Investment firms that meet the conditions of the optional exemption in Article 3 of MiFID will need to consider whether they wish to opt in to MiFID in order to benefit from passporting rights.
Principles for Businesses. The FSA proposes a general amendment to its Principles for Businesses so that they will not apply (or in some cases have only limited application) to investment firms which are providing investment services to certain clients (such as eligible counterparties).

Broader picture

Some of the proposals in the consultation paper are based on the Treasury's proposed amendments to the Financial Services and Markets Act 2000 (www.practicallaw.com/0-201-9106).
The Treasury is continuing to discuss its proposals with stakeholders and this means that some of the proposals in the consultation paper may need to change to take account of the final legislative changes. Among other things, this may affect the proposals in relation to tied agents and arrangements in relation to existing passports.

What next?

The consultation closes on 31 October 2006. The FSA intends to issue feedback in January 2007, together with made rules and guidance to take effect in November 2007.
In relation to other areas affected by MiFID, the consultation programme set out in the FSA and Treasury joint implementation plan continues.

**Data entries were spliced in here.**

(* Let $g\in\mathcal D$, let $Y_1,Y_2$ be i.i.d. with density $g$, let $k\in\mathbb N$ and define $h:[0,1)^2\to\mathbb R$ by $$h(y_1,y_2):=\sum_{j\in\mathbb Z:|j|\in[k]}\frac{(e_j(-y_1)-g_j)(e_j(y_2)-\overline{g_j})}{|\varphi_j|^2}.$$ Then $h$ is real-valued, bounded, symmetric ($h(y_1,y_2)=h(y_2,y_1)$) and satisfies $\mathbb E[h(Y_1,y_2)]=0$ for all $y_2\in[0,1)$. Moreover, with $\mathsf A:=4\nu_k^4$, $\mathsf B:=3\|g_\bullet\|_{\ell^2}\nu_k^3$, $\mathsf C:=2\|g_\bullet\|_{\ell^2}\nu_k^2$ and $\mathsf D:=\mathsf C$, one has $\sup_{y_1,y_2}|h(y_1,y_2)|\le\mathsf A$, $\sup_{y_2}\mathbb E h^2(Y_1,y_2)\le\mathsf B^2$, $\mathbb E h^2(Y_1,Y_2)\le\mathsf C^2$ and $\sup\{\mathbb E[h(Y_1,Y_2)\zeta(Y_1)\xi(Y_2)]:\mathbb E\zeta^2(Y_1)\le1,\mathbb E\xi^2(Y_2)\le1\}\le\mathsf D$. If in addition $L^2(g)=L^2_{\mathbb R}$, then the last inequality also holds with $\mathsf D:=4\|g_\bullet\|_{\ell^1}m_k^2$.
   Context: $L^2:=L^2([0,1))$ complex-valued square-integrable functions with $\langle h_1,h_2\rangle=\int_0^1h_1\overline{h_2}$. $e_j(x):=\exp(-\mathrm i2\pi jx)$, $h_j:=\langle h,e_j\rangle$ for $j\in\mathbb Z$; $\|h_\bullet\|_{\ell^p}:=(\sum_{j\in\mathbb Z}|h_j|^p)^{1/p}$. $\mathcal D$ is the set of real-valued probability densities on $[0,1)$ in $L^2$. $\varphi\in\mathcal D$ is a fixed (error) density with $|\varphi_j|>0$ for all $j\in\mathbb Z$. $[k]:=\{1,\dots,k\}$, $\nu_k:=(\sum_{|j|\in[k]}|\varphi_j|^{-4})^{1/4}$, $m_k:=\max_{j\in[k]}|\varphi_j|^{-1}$. For a density $g$, $L^2(g)$ is the set of real-valued Borel functions $u$ on $[0,1)$ with $\int_0^1u^2g<\infty$, and $L^2_{\mathbb R}:=L^2(\mathbb 1_{[0,1)})$. The suprema over $\zeta,\xi$ range over real Borel functions. *)

theory Defs
  imports "HOL-Analysis.Analysis"
begin

definition M01 :: "real measure" where
  "M01 = restrict_space lborel {0..<1}"

definition ej :: "int \<Rightarrow> real \<Rightarrow> complex" where
  "ej j x = cis (- 2 * pi * real_of_int j * x)"

definition fcoef :: "(real \<Rightarrow> real) \<Rightarrow> int \<Rightarrow> complex" where
  "fcoef h j = (LINT x|M01. complex_of_real (h x) * cnj (ej j x))"

definition dens :: "(real \<Rightarrow> real) \<Rightarrow> bool" where
  "dens g \<longleftrightarrow> g \<in> borel_measurable M01 \<and> (\<forall>x\<in>{0..<1}. 0 \<le> g x)
     \<and> integrable M01 g \<and> integral\<^sup>L M01 g = 1 \<and> integrable M01 (\<lambda>x. (g x)\<^sup>2)"

definition Jk :: "nat \<Rightarrow> int set" where
  "Jk k = {j. 1 \<le> \<bar>j\<bar> \<and> \<bar>j\<bar> \<le> int k}"

definition nuk :: "(real \<Rightarrow> real) \<Rightarrow> nat \<Rightarrow> real" where
  "nuk \<phi> k = root 4 (\<Sum>j\<in>Jk k. 1 / (cmod (fcoef \<phi> j)) ^ 4)"

definition mk :: "(real \<Rightarrow> real) \<Rightarrow> nat \<Rightarrow> real" where
  "mk \<phi> k = Max ((\<lambda>j. 1 / cmod (fcoef \<phi> j)) ` {1..int k})"

text \<open>The kernel h (complex-valued a priori).\<close>
definition hk :: "(real \<Rightarrow> real) \<Rightarrow> (real \<Rightarrow> real) \<Rightarrow> nat \<Rightarrow> real \<Rightarrow> real \<Rightarrow> complex" where
  "hk \<phi> g k y1 y2 = (\<Sum>j\<in>Jk k.
      (ej j (- y1) - fcoef g j) * (ej j y2 - cnj (fcoef g j)) / complex_of_real ((cmod (fcoef \<phi> j))\<^sup>2))"

definition l2norm :: "(real \<Rightarrow> real) \<Rightarrow> real" where
  "l2norm g = sqrt (\<Sum>\<^sub>\<infinity>j::int. (cmod (fcoef g j))\<^sup>2)"

text \<open>l^1 norm of the Fourier coefficients of g, as an extended nonnegative real (may be infinite).\<close>
definition l1norm :: "(real \<Rightarrow> real) \<Rightarrow> ennreal" where
  "l1norm g = (\<Sum>\<^sub>\<infinity>j::int. ennreal (cmod (fcoef g j)))"

definition L2w :: "(real \<Rightarrow> real) \<Rightarrow> (real \<Rightarrow> real) set" where
  "L2w w = {u. u \<in> borel_measurable M01 \<and> integrable M01 (\<lambda>x. (u x)\<^sup>2 * w x)}"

The FSA's mammoth consultation on changes to the Conduct of Business rules is still to come (it is due to be published in October 2006).
There is still some way to go but the FSA is getting there. However, recent news reports that leading industry bodies such as the Association of British Insurers, British Bankers Association and Investment Management Association have joined forces to challenge proposals that they do not like (such as the proposal that banks use formal price benchmarks to ensure that investors trading in derivatives get a fair deal) suggest that the rest of the way may be a bumpy ride.
Bridget Hui is a professional support lawyer at Macfarlanes.
CP06/14: Implementing MiFID for firms and markets, published on 31 July 2006, www.fsa.gov.uk/pubs/cp/cp06_14.pdf. Implementing MiFID for firms and markets addendum: Capital/Professional Indemnity Insurance (PII) requirements, published on 21 August 2006, www.fsa.gov.uk/pubs/cp/cp06_14-addendum.pdf.